The November jobs report was a “blockbuster” because the US economy added 266,000 positions. Is 266,000 good? Well, it is better than the expected 180,000.

When the White House trumpeted these results, it emphasized “smash[ing] expectations.” As per the Council of Economic Advisers, “November’s impressive gain greatly exceeded median market expectations by 44 percent and brought 2019’s average monthly job creation to 180,000.”

The council and financial media agree: November was great because economic forecasters were super wrong.

But the question remains unanswered: Is the 266,000 number, later revised to 261,000, any good? What about 180,000? Are any of these numbers good?

The answer is no. They’re not. None of them.

Not only is 266,000 not good, it is actually bad. In something of a coincidence, the median monthly employment growth during the 1990s outside of recession, adjusted for the size of the labor force, is also equal to 266,000. Put another way, what was average during the 1990s is “blockbuster” today.

If we define “blockbuster” as results in the top 90th percentile, use the 1990s and 2000s as our control group, and adjust for today’s larger US labor force, then we would need between 317,000 and 433,000 jobs a month.
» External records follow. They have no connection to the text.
(* Let $\sigma_X^2>0$, $\sigma_{N_1}^2,\dots,\sigma_{N_K}^2>0$, $D>0$, let $(r_1,\dots,r_K)\in\mathcal{F}(D)$, and let $\alpha_1\ge\alpha_2\ge\dots\ge\alpha_K\ge0$. Define, for $k=1,\dots,K$, $$R_k^\ast=r_k+\frac12\log\Big(\frac1{\sigma_X^2}+\sum_{i=k}^K\frac{1-e^{-2r_i}}{\sigma_{N_i}^2}\Big)-\frac12\log\Big(\frac1{\sigma_X^2}+\sum_{i=k+1}^K\frac{1-e^{-2r_i}}{\sigma_{N_i}^2}\Big)$$ (an empty sum being $0$). Then $(R_1^\ast,\dots,R_K^\ast)\in\mathcal{R}(r_1,\dots,r_K)$ and $\sum_{k=1}^K\alpha_kR_k^\ast\le\sum_{k=1}^K\alpha_kR_k'$ for every $(R_1',\dots,R_K')\in\mathcal{R}(r_1,\dots,r_K)$.
   Context: Logarithms are natural. $\mathcal{K}=\{1,\dots,K\}$, $\mathcal{A}^c=\mathcal{K}\setminus\mathcal{A}$. $\mathcal{F}(D)=\{(r_1,\dots,r_K)\in\mathbb{R}_+^K:\ \sum_{k=1}^K\frac{1-e^{-2r_k}}{\sigma_{N_k}^2}=\frac1D\}$. For $(r_1,\dots,r_K)\in\mathbb{R}_+^K$, $\mathcal{R}(r_1,\dots,r_K)$ is the set of all $(R_1,\dots,R_K)$ such that for every $\mathcal{A}\subseteq\mathcal{K}$: $\sum_{k\in\mathcal{A}}R_k\ge\sum_{k\in\mathcal{A}}r_k+\frac12\log(\frac1{\sigma_X^2}+\frac1D)-\frac12\log(\frac1{\sigma_X^2}+\sum_{k\in\mathcal{A}^c}\frac{1-e^{-2r_k}}{\sigma_{N_k}^2})$. *)

theory Defs
  imports Complex_Main
begin

text \<open>Indices k range over {1..K}; tuples are functions nat => real, only values on {1..K} matter.
  sX2 = sigma_X^2, sN2 k = sigma_{N_k}^2.\<close>

definition Fset :: "nat \<Rightarrow> real \<Rightarrow> (nat \<Rightarrow> real) \<Rightarrow> real \<Rightarrow> (nat \<Rightarrow> real) set" where
  "Fset K sX2 sN2 D = {r. (\<forall>k\<in>{1..K}. r k \<ge> 0) \<and>
      (\<Sum>k=1..K. (1 - exp (-2 * r k)) / sN2 k) = 1 / D}"

definition Rset :: "nat \<Rightarrow> real \<Rightarrow> (nat \<Rightarrow> real) \<Rightarrow> real \<Rightarrow> (nat \<Rightarrow> real) \<Rightarrow> (nat \<Rightarrow> real) set" where
  "Rset K sX2 sN2 D r = {R. \<forall>A. A \<subseteq> {1..K} \<longrightarrow>
      (\<Sum>k\<in>A. R k) \<ge> (\<Sum>k\<in>A. r k) + 1/2 * ln (1 / sX2 + 1 / D)
         - 1/2 * ln (1 / sX2 + (\<Sum>k\<in>{1..K} - A. (1 - exp (-2 * r k)) / sN2 k))}"

definition Rstar :: "nat \<Rightarrow> real \<Rightarrow> (nat \<Rightarrow> real) \<Rightarrow> (nat \<Rightarrow> real) \<Rightarrow> nat \<Rightarrow> real" where
  "Rstar K sX2 sN2 r k = r k
      + 1/2 * ln (1 / sX2 + (\<Sum>i=k..K. (1 - exp (-2 * r i)) / sN2 i))
      - 1/2 * ln (1 / sX2 + (\<Sum>i=k+1..K. (1 - exp (-2 * r i)) / sN2 i))"

end

theory Submission
  imports Defs
begin

text \<open>Write \<open>c = 1/\<sigma>\<^sub>X\<^sup>2\<close>, \<open>a\<^sub>i = (1 - exp (-2 r\<^sub>i)) / \<sigma>\<^sub>N\<^sub>i\<^sup>2 \<ge> 0\<close>, so that \<open>\<Sum>a\<^sub>i = 1/D\<close>.
  Then \<open>R\<^sup>*\<close> is the corner point of the region belonging to the decoding order
  \<open>1, \<dots>, K\<close>: its prefix sums meet the constraints for \<open>{1..k}\<close> with equality (they
  telescope). Every other constraint holds because \<open>t \<mapsto> ln (c + a + t) - ln (c + t)\<close>
  is decreasing, so adding index \<open>k\<close> to \<open>A \<subseteq> {1..k-1}\<close> raises the right-hand side by
  at most \<open>R\<^sup>*\<^sub>k - r\<^sub>k\<close>. Optimality for decreasing weights is Abel summation: the
  differences \<open>R' - R\<^sup>*\<close> have nonnegative prefix sums.\<close>

definition corner_point :: "real \<Rightarrow> (nat \<Rightarrow> real) \<Rightarrow> (nat \<Rightarrow> real) \<Rightarrow> nat \<Rightarrow> nat \<Rightarrow> real" where
  "corner_point c a r K k = r k + 1/2 * ln (c + (\<Sum>i=k..K. a i))
      - 1/2 * ln (c + (\<Sum>i=k+1..K. a i))"

definition rate_region :: "real \<Rightarrow> (nat \<Rightarrow> real) \<Rightarrow> (nat \<Rightarrow> real) \<Rightarrow> nat \<Rightarrow> (nat \<Rightarrow> real) set" where
  "rate_region c a r K = {R. \<forall>A \<subseteq> {1..K}. (\<Sum>k\<in>A. r k) + 1/2 * ln (c + (\<Sum>i=1..K. a i))
      - 1/2 * ln (c + (\<Sum>i\<in>{1..K}-A. a i)) \<le> (\<Sum>k\<in>A. R k)}"

lemma ln_increment_antimono:
  fixes c a T V :: real
  assumes "c > 0" "a \<ge> 0" "T \<ge> 0" "T \<le> V"
  shows "ln (c + a + V) - ln (c + V) \<le> ln (c + a + T) - ln (c + T)"
proof -
  have pos: "c + a + V > 0" "c + V > 0" "c + a + T > 0" "c + T > 0"
    using assms by linarith+
  have "(c + a + T) * (c + V) - (c + a + V) * (c + T) = a * (V - T)"
    by (simp add: algebra_simps)
  also have "\<dots> \<ge> 0" using assms by simp
  finally have "ln ((c + a + V) * (c + T)) \<le> ln ((c + a + T) * (c + V))"
    using pos by simp
  then show ?thesis using pos by (simp add: ln_mult)
qed

lemma abel_inequality:
  fixes \<alpha> d :: "nat \<Rightarrow> real"
  assumes "\<forall>k\<in>{1..n}. \<forall>l\<in>{1..n}. k \<le> l \<longrightarrow> \<alpha> l \<le> \<alpha> k"
    and "\<forall>k\<in>{1..n}. (\<Sum>j=1..k. d j) \<ge> 0"
  shows "\<alpha> n * (\<Sum>j=1..n. d j) \<le> (\<Sum>k=1..n. \<alpha> k * d k)"
  using assms
proof (induction n)
  case 0
  then show ?case by simp
next
  case (Suc n)
  show ?case
  proof (cases "n = 0")
    case True
    then show ?thesis by simp
  next
    case False
    have IH: "\<alpha> n * (\<Sum>j=1..n. d j) \<le> (\<Sum>k=1..n. \<alpha> k * d k)"
      using Suc by auto
    have "\<alpha> (Suc n) \<le> \<alpha> n" "(\<Sum>j=1..n. d j) \<ge> 0"
      using Suc.prems False by auto
    then have "\<alpha> (Suc n) * (\<Sum>j=1..n. d j) \<le> \<alpha> n * (\<Sum>j=1..n. d j)"
      by (simp add: mult_right_mono)
    then show ?thesis using IH by (simp add: distrib_left)
  qed
qed

lemma corner_point_prefix_sum:
  assumes "k \<le> K"
  shows "(\<Sum>j=1..k. corner_point c a r K j) = (\<Sum>j=1..k. r j)
    + 1/2 * ln (c + (\<Sum>i=1..K. a i)) - 1/2 * ln (c + (\<Sum>i=k+1..K. a i))"
  using assms by (induction k) (simp_all add: corner_point_def)

lemma corner_point_increment_ge:
  assumes c: "c > 0" and a: "\<forall>i\<in>{1..K}. a i \<ge> 0"
    and m: "m \<in> {1..K}" and A: "A \<subseteq> {1..<m}"
  shows "1/2 * ln (c + (\<Sum>i\<in>{1..K}-A. a i)) - 1/2 * ln (c + (\<Sum>i\<in>{1..K}-insert m A. a i))
    \<le> corner_point c a r K m - r m"
proof -
  define V where "V = {1..K} - insert m A"
  define T where "T = (\<Sum>i=m+1..K. a i)"
  have "{1..K} - A = insert m V" "m \<notin> V" "finite V"
    using m A by (auto simp: V_def)
  then have compl_A: "(\<Sum>i\<in>{1..K}-A. a i) = a m + (\<Sum>i\<in>V. a i)"
    by simp
  have "{m+1..K} \<subseteq> V" using A by (auto simp: V_def)
  then have "T \<le> (\<Sum>i\<in>V. a i)"
    unfolding T_def using a \<open>finite V\<close> by (intro sum_mono2) (auto simp: V_def)
  moreover have "0 \<le> T" unfolding T_def using a by (intro sum_nonneg) auto
  moreover have "0 \<le> a m" using a m by auto
  ultimately have "ln (c + a m + (\<Sum>i\<in>V. a i)) - ln (c + (\<Sum>i\<in>V. a i))
      \<le> ln (c + a m + T) - ln (c + T)"
    using ln_increment_antimono c by blast
  moreover have "corner_point c a r K m - r m = 1/2 * ln (c + a m + T) - 1/2 * ln (c + T)"
    using m by (simp add: corner_point_def T_def sum.atLeast_Suc_atMost add.assoc)
  ultimately show ?thesis
    unfolding compl_A V_def[symmetric] by (simp add: add.assoc)
qed

lemma corner_point_mem_rate_region:
  assumes c: "c > 0" and a: "\<forall>i\<in>{1..K}. a i \<ge> 0"
  shows "corner_point c a r K \<in> rate_region c a r K"
proof -
  let ?bound = "\<lambda>A. (\<Sum>k\<in>A. r k) + 1/2 * ln (c + (\<Sum>i=1..K. a i))
      - 1/2 * ln (c + (\<Sum>i\<in>{1..K}-A. a i))"
  have "\<forall>A \<subseteq> {1..m}. ?bound A \<le> (\<Sum>k\<in>A. corner_point c a r K k)" if "m \<le> K" for m
    using that
  proof (induction m)
    case 0
    then show ?case by simp
  next
    case (Suc m)
    show ?case
    proof (intro allI impI)
      fix A assume A: "A \<subseteq> {1..Suc m}"
      define A' where "A' = A - {Suc m}"
      have A': "A' \<subseteq> {1..m}" "A' \<subseteq> {1..<Suc m}" "Suc m \<notin> A'" "finite A'"
        using A by (auto simp: A'_def le_Suc_eq intro: finite_subset)
      have IH: "?bound A' \<le> (\<Sum>k\<in>A'. corner_point c a r K k)"
        using Suc A' by simp
      show "?bound A \<le> (\<Sum>k\<in>A. corner_point c a r K k)"
      proof (cases "Suc m \<in> A")
        case False
        then show ?thesis using IH by (simp add: A'_def)
      next
        case True
        then have "A = insert (Suc m) A'" by (auto simp: A'_def)
        moreover have "Suc m \<in> {1..K}" using Suc.prems by simp
        ultimately show ?thesis
          using IH corner_point_increment_ge[OF c a _ A'(2), of r] A'(3,4) by simp
      qed
    qed
  qed
  then show ?thesis by (auto simp: rate_region_def)
qed

lemma corner_point_weighted_sum_le:
  fixes \<alpha> :: "nat \<Rightarrow> real"
  assumes antitone: "\<forall>k\<in>{1..K}. \<forall>l\<in>{1..K}. k \<le> l \<longrightarrow> \<alpha> l \<le> \<alpha> k"
    and nonneg: "\<forall>k\<in>{1..K}. \<alpha> k \<ge> 0"
    and R: "R \<in> rate_region c a r K"
  shows "(\<Sum>k=1..K. \<alpha> k * corner_point c a r K k) \<le> (\<Sum>k=1..K. \<alpha> k * R k)"
proof -
  define d where "d k = R k - corner_point c a r K k" for k
  have d: "\<forall>k\<in>{1..K}. (\<Sum>j=1..k. d j) \<ge> 0"
  proof
    fix k assume "k \<in> {1..K}"
    then have "{1..k} \<subseteq> {1..K}" "{1..K} - {1..k} = {k+1..K}" "k \<le> K" by auto
    with R have "(\<Sum>j=1..k. r j) + 1/2 * ln (c + (\<Sum>i=1..K. a i))
        - 1/2 * ln (c + (\<Sum>i=k+1..K. a i)) \<le> (\<Sum>j=1..k. R j)"
      unfolding rate_region_def by (metis (no_types, lifting) mem_Collect_eq)
    then show "(\<Sum>j=1..k. d j) \<ge> 0"
      using corner_point_prefix_sum[OF \<open>k \<le> K\<close>] by (simp add: d_def sum_subtractf)
  qed
  have "0 \<le> \<alpha> K * (\<Sum>j=1..K. d j)"
    using nonneg d by (cases "K = 0") (simp_all add: mult_nonneg_nonneg)
  also have "\<dots> \<le> (\<Sum>k=1..K. \<alpha> k * d k)"
    using abel_inequality[OF antitone d] .
  finally show ?thesis by (simp add: d_def right_diff_distrib sum_subtractf)
qed

theorem lemma1:
  fixes K :: nat and sX2 D :: real and sN2 r \<alpha> :: "nat \<Rightarrow> real"
  assumes "sX2 > 0"
    and "\<forall>k\<in>{1..K}. sN2 k > 0"
    and "D > 0"
    and "r \<in> Fset K sX2 sN2 D"
    and "\<forall>k\<in>{1..K}. \<forall>l\<in>{1..K}. k \<le> l \<longrightarrow> \<alpha> l \<le> \<alpha> k"
    and "\<forall>k\<in>{1..K}. \<alpha> k \<ge> 0"
  shows "Rstar K sX2 sN2 r \<in> Rset K sX2 sN2 D r \<and>
    (\<forall>R' \<in> Rset K sX2 sN2 D r.
       (\<Sum>k=1..K. \<alpha> k * Rstar K sX2 sN2 r k) \<le> (\<Sum>k=1..K. \<alpha> k * R' k))"
proof -
  define a where "a i = (1 - exp (-2 * r i)) / sN2 i" for i
  have c: "1 / sX2 > 0" using assms(1) by simp
  have a: "\<forall>i\<in>{1..K}. a i \<ge> 0"
    using assms(2,4) by (auto simp: Fset_def a_def intro!: divide_nonneg_pos)
  have total: "(\<Sum>i=1..K. a i) = 1 / D" using assms(4) by (simp add: Fset_def a_def)
  have Rstar: "Rstar K sX2 sN2 r = corner_point (1 / sX2) a r K"
    by (simp add: fun_eq_iff Rstar_def corner_point_def a_def)
  have region: "Rset K sX2 sN2 D r = rate_region (1 / sX2) a r K"
    unfolding Rset_def rate_region_def total[symmetric] by (simp add: a_def)
  show ?thesis
    unfolding Rstar region
    using corner_point_mem_rate_region[OF c a] corner_point_weighted_sum_le[OF assms(5,6)]
    by blast
qed

end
And that’s if we’re being conservative. The 1960s, 1970s, and 1980s saw much bigger job gains as a proportion of the labor force.

Chart depicting US Employees on Nonfarm Payrolls

Finally, for any surviving readers, your author comes to the magazine’s final note:

“GDP growth is trundling along at an annual rate of about 2%, very respectable by international standards. If this strong performance endures, Mr Trump will have a big advantage when he seeks re-election next November.”

Synonyms for “trundle” include: “roll,” “plod,” “shuffle,” “slog,” “trudge,” and “waddle.” Might this be an example of two nations divided by a common language? This American is confident that The Oxford English Dictionary (OED) will not list “gliding,” “sprinting,” “galloping,” or “striding” as synonyms of trundling. This, we are told, is “very respectable by international standards.”

And indeed it is. The United States is performing admirably. When compared to a world mired in a global depression. That is really an epic standard by which to measure against, a real stretch-goal to set for a country that styles itself the leader of the free world. Not too long ago, the late US political commentator Charles Krauthammer described the country as “a single superpower unchecked by any rival and with decisive reach in every corner of the globe . . . a staggering new development in history, not seen since the fall of Rome.”

But now, President Trump may be able to defend his incumbency atop the, “respectable by international standards” hill? From behind impregnable “waddling economy” fortifications?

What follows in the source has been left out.